____ Entries supplied
lemma poly_subst_one_lin_prod: "a \<notin> A \<Longrightarrow> poly_subst (Yvar(a := 1)) (lin_prod A) = lin_prod A"
  unfolding lin_prod_def poly_subst_prod by (intro prod.cong) (auto simp: poly_subst_add)

lemma prime_elem_one_plus_Yvar: "prime_elem (1 + Yvar a)"
proof (rule prime_elemI)
  show "1 + Yvar a \<noteq> 0"
    by (rule one_plus_Yvar_nonzero)
  show "\<not> (1 + Yvar a) dvd 1"
    by (simp add: bit_poly_dvd_one_iff)
next
  fix f g
  assume "(1 + Yvar a) dvd f * g"
  then obtain c where "f * g = (1 + Yvar a) * c"
    by (elim dvdE)
  then have "poly_subst (Yvar(a := 1)) f * poly_subst (Yvar(a := 1)) g = 0"
    by (metis poly_subst_mult poly_subst_one_one_plus_Yvar mult_zero_left)
  then show "(1 + Yvar a) dvd f \<or> (1 + Yvar a) dvd g"
    by (auto intro: one_plus_Yvar_dvd_if_subst_eq_0)
qed

lemma one_plus_Yvar_dvd_lin_prod_iff: "finite B \<Longrightarrow> (1 + Yvar a) dvd lin_prod B \<longleftrightarrow> a \<in> B"
proof
  assume "finite B" "(1 + Yvar a) dvd lin_prod B"
  then obtain c where "lin_prod B = (1 + Yvar a) * c"
    by (elim dvdE)
  then have "a \<notin> B \<Longrightarrow> lin_prod B = 0"
    by (metis poly_subst_one_lin_prod poly_subst_mult poly_subst_one_one_plus_Yvar mult_zero_left)
  with \<open>finite B\<close> show "a \<in> B"
    using lin_prod_nonzero by blast
qed (auto simp: lin_prod_def)

lemma dvd_prime_elem_mult_cases:
  fixes p :: "'a::idom"
  assumes "prime_elem p" "d dvd p * x"
  obtains d' where "d = p * d'" "d' dvd x" | "d dvd x"
proof (cases "p dvd d")
  case True
  then obtain d' where "d = p * d'"
    by (elim dvdE)
  with assms have "d' dvd x"
    using prime_elem_not_zeroI by fastforce
  with \<open>d = p * d'\<close> show ?thesis
    using that(1) by blast
next
  case False
  obtain c where c: "p * x = d * c"
    using assms(2) by (elim dvdE)
  then have "p dvd c"
    using False assms(1) prime_elem_dvd_multD by (metis dvd_triv_left)
  then obtain c' where "c = p * c'"
    by (elim dvdE)
  with c assms(1) have "x = d * c'"
    using prime_elem_not_zeroI by (fastforce simp: mult.left_commute)
  then show ?thesis
    using that(2) by (blast intro: dvdI)
qed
________
◆ Task instructions
Taking the entries above, write out exactly each line from the one holding "B \<Longrightarrow> lin_prod" to the one holding "with assms have", both included, and stop there.

◆ Finished task
  then have "a \<notin> B \<Longrightarrow> lin_prod B = 0"
    by (metis poly_subst_one_lin_prod poly_subst_mult poly_subst_one_one_plus_Yvar mult_zero_left)
  with \<open>finite B\<close> show "a \<in> B"
    using lin_prod_nonzero by blast
qed (auto simp: lin_prod_def)

lemma dvd_prime_elem_mult_cases:
  fixes p :: "'a::idom"
  assumes "prime_elem p" "d dvd p * x"
  obtains d' where "d = p * d'" "d' dvd x" | "d dvd x"
proof (cases "p dvd d")
  case True
  then obtain d' where "d = p * d'"
    by (elim dvdE)
  with assms have "d' dvd x"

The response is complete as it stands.